Fragments of a meteoroid left a hole in the ice on a lake near Chelyabinsk, Russia. |
“Objects falling over the oceans could be almost completely missed,”
Timothy Spahr, director of the Minor Planet Center at the
Harvard-Smithsonian Center for Astrophysics, wrote in an e-mail. “Only
the Air Force and Department of Defense have information on a lot of the
airbursts that are unobserved from the ground.”
The atmosphere largely protected the Earth this time, Binzel said,
heating up the meteoroid and causing it to break apart. Scientists
believe it hit the atmosphere at more than 40,000 miles per hour, but
broke apart about 12 to 15 miles above the Earth. What reached the
ground were fragments of rock, known as meteorites, and a pressure wave
and sonic boom knocked out windows.
Binzel said if the original space rock had been slightly smaller, it
likely would have exploded farther from the Earth’s surface and the
pressure wave would not have made it to the ground.
Binzel said scientists in Russia are already making efforts to collect meteorites that landed. He hopes to examine some himself.
“These typically would break into fragments, hand-sized or smaller,
and there could be hundreds or thousands of them,” Binzel said. “We hope
there are, because scientifically we would hope to pick them up and
bring them into laboratories.”
It is a coincidence that the meteor appeared within a day of a close
call with the asteroid known as 2012 DA14, which had long been predicted
to come within 17,200 miles of Earth — the closest approach to ever be
predicted for an object of its size.
“We’re looking at it carefully. It turns out they almost certainly
are not related, which is amazing because of the coincidence,” Binzel
said. The object that hit Russia, Binzel said, was traveling north to
south, whereas the asteroid was moving south to north.

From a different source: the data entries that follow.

(* Let $G_0^*$ be a $(k,r_0)$-regular hypergraph with vertices $v_1,\dots,v_n$, and list the eigenvalues of $S(G_0^* )$ with multiplicity as $\mu_1^{(0)}=n-1-2r_0(k-1),\mu_2^{(0)},\dots,\mu_n^{(0)}$. For $j=1,\dots,n$ let $G_j^*$ be a $(k,r)$-regular hypergraph on $m\ge2$ vertices, and list the eigenvalues of $S(G_j^* )$ with multiplicity as $\mu_1^{(j)}=m-1-2r(k-1),\mu_2^{(j)},\dots,\mu_m^{(j)}$. Let $G^*=G_0^*\odot_1^n G_i^*$ be the generalized corona with $p=1$, $t=n$ and $U_i=\{v_i\}$. Put $b=\binom{m-1}{k-2}$, $c=\binom{m-1}{k-2}-\binom{m-2}{k-2}$ and $h=h(\mu)=-(1+2r(k-1)+2c(m-1)+\mu)$. Then for every real $\mu$, $$P_{S(G^* )}(\mu)=\Big((\mu_1^{(0)}-\mu)(h+mn)+4bm(n-b)-mn^2\Big)\prod_{i=2}^n\Big(\mu_i^{(0)}h-4mb^2-\mu h\Big)\prod_{j=1}^n\prod_{i=2}^m\Big(\mu_i^{(j)}+2c-\mu\Big).$$
   Context: All hypergraphs are finite and simple: a hypergraph $G^*=(V,E)$ consists of a finite vertex set $V$ and a set $E$ of subsets of $V$ (hyperedges), each of size at least $2$. It is $k$-uniform if every hyperedge has exactly $k$ elements, and $(k,r)$-regular if it is $k$-uniform and every vertex lies in exactly $r$ hyperedges. For a hypergraph with vertices $v_1,\dots,v_n$, the adjacency matrix $A(G^* )$ is the $n\times n$ matrix whose $(i,j)$ entry, for $i\ne j$, is the number of hyperedges containing both $v_i$ and $v_j$, and whose diagonal entries are $0$; the Seidel matrix is $S(G^* )=J_n-I_n-2A(G^* )$, where $J_n$ is the all-ones matrix and $I_n$ the identity. For a square matrix $M$, $P_M(\mu)=\det(M-\mu I)$. Binomial coefficients $\binom{x}{y}$ with integers $x\ge 0$ and $y$ are $0$ when $y<0$ or $y>x$. Generalized corona: let $G_0^*$ be a $k$-uniform hypergraph with vertex set $V_0$, $\{U_1,\dots,U_t\}$ a partition of $V_0$ with $|U_i|=p$, and $G_1^*,\dots,G_t^*$ $k$-uniform hypergraphs. The generalized corona $G_0^*\odot_p^t G_i^*$ is the $k$-uniform hypergraph obtained as follows: for each $i$ take $p$ copies $G_i^{*(1)},\dots,G_i^{*(p)}$ of $G_i^*$, all copies pairwise vertex-disjoint and disjoint from $V_0$. The vertex set is $V_0$ together with the vertices of all copies; the hyperedges are the hyperedges of $G_0^*$, the hyperedges of every copy, and, for every $i\in\{1,\dots,t\}$ and $j\in\{1,\dots,p\}$, every $k$-element subset of $U_i\cup V(G_i^{*(j)})$ that meets both $U_i$ and $V(G_i^{*(j)})$. *)

theory Defs
  imports "Jordan_Normal_Form.Determinant"
begin

definition hypergraph :: "'a set \<Rightarrow> 'a set set \<Rightarrow> bool" where
  "hypergraph V E \<longleftrightarrow> finite V \<and> (\<forall>e\<in>E. e \<subseteq> V \<and> card e \<ge> 2)"

definition k_uniform :: "nat \<Rightarrow> 'a set \<Rightarrow> 'a set set \<Rightarrow> bool" where
  "k_uniform k V E \<longleftrightarrow> hypergraph V E \<and> (\<forall>e\<in>E. card e = k)"

definition kr_regular :: "nat \<Rightarrow> nat \<Rightarrow> 'a set \<Rightarrow> 'a set set \<Rightarrow> bool" where
  "kr_regular k r V E \<longleftrightarrow> k_uniform k V E \<and> (\<forall>v\<in>V. card {e\<in>E. v \<in> e} = r)"

definition adj_mat :: "'a set set \<Rightarrow> 'a list \<Rightarrow> real mat" where
  "adj_mat E vs = mat (length vs) (length vs)
     (\<lambda>(i,j). if i = j then 0 else real (card {e\<in>E. vs!i \<in> e \<and> vs!j \<in> e}))"

definition seidel_mat :: "'a set set \<Rightarrow> 'a list \<Rightarrow> real mat" where
  "seidel_mat E vs = mat (length vs) (length vs) (\<lambda>_. 1) - 1\<^sub>m (length vs)
     - 2 \<cdot>\<^sub>m adj_mat E vs"

definition charP :: "real mat \<Rightarrow> real \<Rightarrow> real" where
  "charP M \<mu> = det (M - \<mu> \<cdot>\<^sub>m 1\<^sub>m (dim_row M))"

text \<open>Generalized corona G0 (.)_p^t G_i: parts U i (i=1..t), copies (i,j), j=1..p,
  the copy (i,j) of G_i has vertices Inr (i,j,x) for x in VG i.\<close>
definition corona_copy :: "nat \<Rightarrow> nat \<Rightarrow> 'b set \<Rightarrow> ('a + nat \<times> nat \<times> 'b) set" where
  "corona_copy i j W = (\<lambda>x. Inr (i,j,x)) ` W"

definition gen_corona_V ::
  "'a set \<Rightarrow> nat \<Rightarrow> nat \<Rightarrow> (nat \<Rightarrow> 'b set) \<Rightarrow> ('a + nat \<times> nat \<times> 'b) set" where
  "gen_corona_V V0 t p VG = Inl ` V0 \<union> (\<Union>i\<in>{1..t}. \<Union>j\<in>{1..p}. corona_copy i j (VG i))"

definition gen_corona_E ::
  "nat \<Rightarrow> 'a set set \<Rightarrow> nat \<Rightarrow> nat \<Rightarrow> (nat \<Rightarrow> 'a set) \<Rightarrow> (nat \<Rightarrow> 'b set)
     \<Rightarrow> (nat \<Rightarrow> 'b set set) \<Rightarrow> ('a + nat \<times> nat \<times> 'b) set set" where
  "gen_corona_E k E0 t p U VG EG =
     (image Inl) ` E0
   \<union> (\<Union>i\<in>{1..t}. \<Union>j\<in>{1..p}. (image (\<lambda>x. Inr (i,j,x))) ` EG i)
   \<union> (\<Union>i\<in>{1..t}. \<Union>j\<in>{1..p}.
        {e. e \<subseteq> Inl ` U i \<union> corona_copy i j (VG i) \<and> card e = k
            \<and> e \<inter> Inl ` U i \<noteq> {} \<and> e \<inter> corona_copy i j (VG i) \<noteq> {}})"

end

(*
  List the vertices of the corona as the hubs v_1, ..., v_n followed by the pendant copies of
  G_1, ..., G_n. The Seidel matrix then consists of S(G_0), a hub-pendant block that is constant
  on each pendant, its transpose, and a pendant block equal to J plus the block-diagonal matrix
  with blocks S(G_j) + 2c I - (2c + 1) J, all of which have constant row sums. Adding suitable
  multiples of the column sums of the pendant blocks to the hub columns clears the lower-left block
  and turns the hub block into S(G_0) - \<nu> I + s J. Every determinant that remains has the form
  det (A - x I + t J) with A of constant row sum r, which is (r - x + t dim A) times the
  characteristic polynomial of A at x with the factor of the eigenvalue r removed. This proves
  the formula for all but finitely many \<mu>, and continuity in \<mu> gives it everywhere.
*)

theory Submission
  imports Defs "Jordan_Normal_Form.Char_Poly"
begin

section \<open>Determinants of structured matrices\<close>

lemma det_unit_lower_triangular:
  fixes A :: "'a :: comm_ring_1 mat"
  assumes "A \<in> carrier_mat n n"
    and "\<And>i j. i < j \<Longrightarrow> j < n \<Longrightarrow> A $$ (i,j) = 0" and "\<And>i. i < n \<Longrightarrow> A $$ (i,i) = 1"
  shows "det A = 1"
proof -
  have "diag_mat A = map (\<lambda>_. 1) [0..<n]"
    using assms by (simp add: diag_mat_def)
  then show ?thesis
    using assms by (simp add: det_lower_triangular[of n] map_replicate_const)
qed

lemma det_const_row_sums:
  fixes Y :: "'a :: comm_ring_1 mat"
  assumes Y: "Y \<in> carrier_mat (Suc n) (Suc n)"
    and row_sum: "\<And>i. i < Suc n \<Longrightarrow> (\<Sum>j<Suc n. Y $$ (i,j)) = \<rho>"
  shows "det Y = \<rho> * det (mat n n (\<lambda>(i,j). Y $$ (Suc i, Suc j) - Y $$ (0, Suc j)))"
proof -
  \<comment> \<open>Add all columns to the first one, then subtract the first row from all others.\<close>
  define U :: "'a mat" where "U = mat (Suc n) (Suc n) (\<lambda>(i,j). if j = 0 \<or> i = j then 1 else 0)"
  define L :: "'a mat" where "L = mat (Suc n) (Suc n) (\<lambda>(i,j). if i = j then 1 else if j = 0 then -1 else 0)"
  define Z where "Z = L * (Y * U)"
  have U: "U \<in> carrier_mat (Suc n) (Suc n)" and L: "L \<in> carrier_mat (Suc n) (Suc n)"
    by (simp_all add: U_def L_def)
  have Z: "Z \<in> carrier_mat (Suc n) (Suc n)"
    using Y U L by (simp add: Z_def)
  have "det U = 1" "det L = 1"
    by (rule det_unit_lower_triangular, auto simp: U_def L_def)+
  then have detZ: "det Z = det Y"
    using Y U L by (simp add: Z_def det_mult[of _ "Suc n"])
  have YU_index: "(Y * U) $$ (i,j) = (if j = 0 then \<rho> else Y $$ (i,j))" if "i < Suc n" "j < Suc n" for i j
  proof -
    have "(Y * U) $$ (i,j) = (\<Sum>k<Suc n. Y $$ (i,k) * U $$ (k,j))"
      using that Y U by (simp add: scalar_prod_def lessThan_atLeast0)
    also have "\<dots> = (if j = 0 then \<rho> else Y $$ (i,j))"
      using that row_sum by (auto simp: U_def if_distrib cong: if_cong)
    finally show ?thesis .
  qed
  have Z_index: "Z $$ (i,j) = (if i = 0 then (Y * U) $$ (0,j) else (Y * U) $$ (i,j) - (Y * U) $$ (0,j))"
    if "i < Suc n" "j < Suc n" for i j
  proof -
    have "Z $$ (i,j) = (\<Sum>k<Suc n. L $$ (i,k) * (Y * U) $$ (k,j))"
      using that Y U L by (simp add: Z_def scalar_prod_def lessThan_atLeast0)
    also have "\<dots> = (\<Sum>k<Suc n. (if k = i then (Y * U) $$ (k,j) else 0)
        - (if k = 0 \<and> i \<noteq> 0 then (Y * U) $$ (k,j) else 0))"
      using that by (intro sum.cong) (auto simp: L_def)
    also have "\<dots> = (if i = 0 then (Y * U) $$ (0,j) else (Y * U) $$ (i,j) - (Y * U) $$ (0,j))"
      using that by (simp add: sum_subtractf)
    finally show ?thesis .
  qed
  have col0: "Z $$ (i,0) = (if i = 0 then \<rho> else 0)" if "i < Suc n" for i
    using that by (simp add: Z_index YU_index)
  have minor: "mat_delete Z 0 0 = mat n n (\<lambda>(i,j). Y $$ (Suc i, Suc j) - Y $$ (0, Suc j))"
    using Z by (intro eq_matI) (auto simp: mat_delete_def Z_index YU_index)
  have "det Z = (\<Sum>i<Suc n. Z $$ (i,0) * cofactor Z i 0)"
    by (rule laplace_expansion_column[OF Z]) simp
  also have "\<dots> = (\<Sum>i<Suc n. if i = 0 then \<rho> * cofactor Z 0 0 else 0)"
    by (intro sum.cong) (auto simp: col0)
  also have "\<dots> = \<rho> * cofactor Z 0 0"
    by (simp only: sum.delta finite_lessThan) simp
  finally show ?thesis
    using detZ minor by (simp add: cofactor_def)
qed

The asteroid, about half a football field in diameter, is estimated
to weigh 287 million pounds. An asteroid that size would cause regional
devastation if it slammed into the atmosphere, according to NASA, and
would be comparable to the Tunguska event, when a slightly smaller
asteroid flattened about 825 square miles of forest in Russia. The space
agency estimates there are about half a million asteroids that size
near Earth.
Scientists closely monitor near-Earth asteroids that could pose a
risk to the planet, but are most focused on identifying and tracking
large objects that could cause considerable harm.
“We are focusing on the larger asteroids first,” said Paul Chodas, a
research scientist in the Near Earth Object Program Office at NASA’s Jet
Propulsion Laboratory in Pasadena, Calif. “They are the ones that are
the most hazardous. The object that entered over Siberia this morning
was a moderate explosion, and frankly was nowhere near the devastation
you would get from a larger asteroid hitting the Earth.”
Representative Lamar Smith, Republican of Texas and chairman of the
House’s Science, Space, and Technology Committee, said in a statement
that in the coming weeks there would be a hearing to examine how to
better detect asteroids and protect people from them.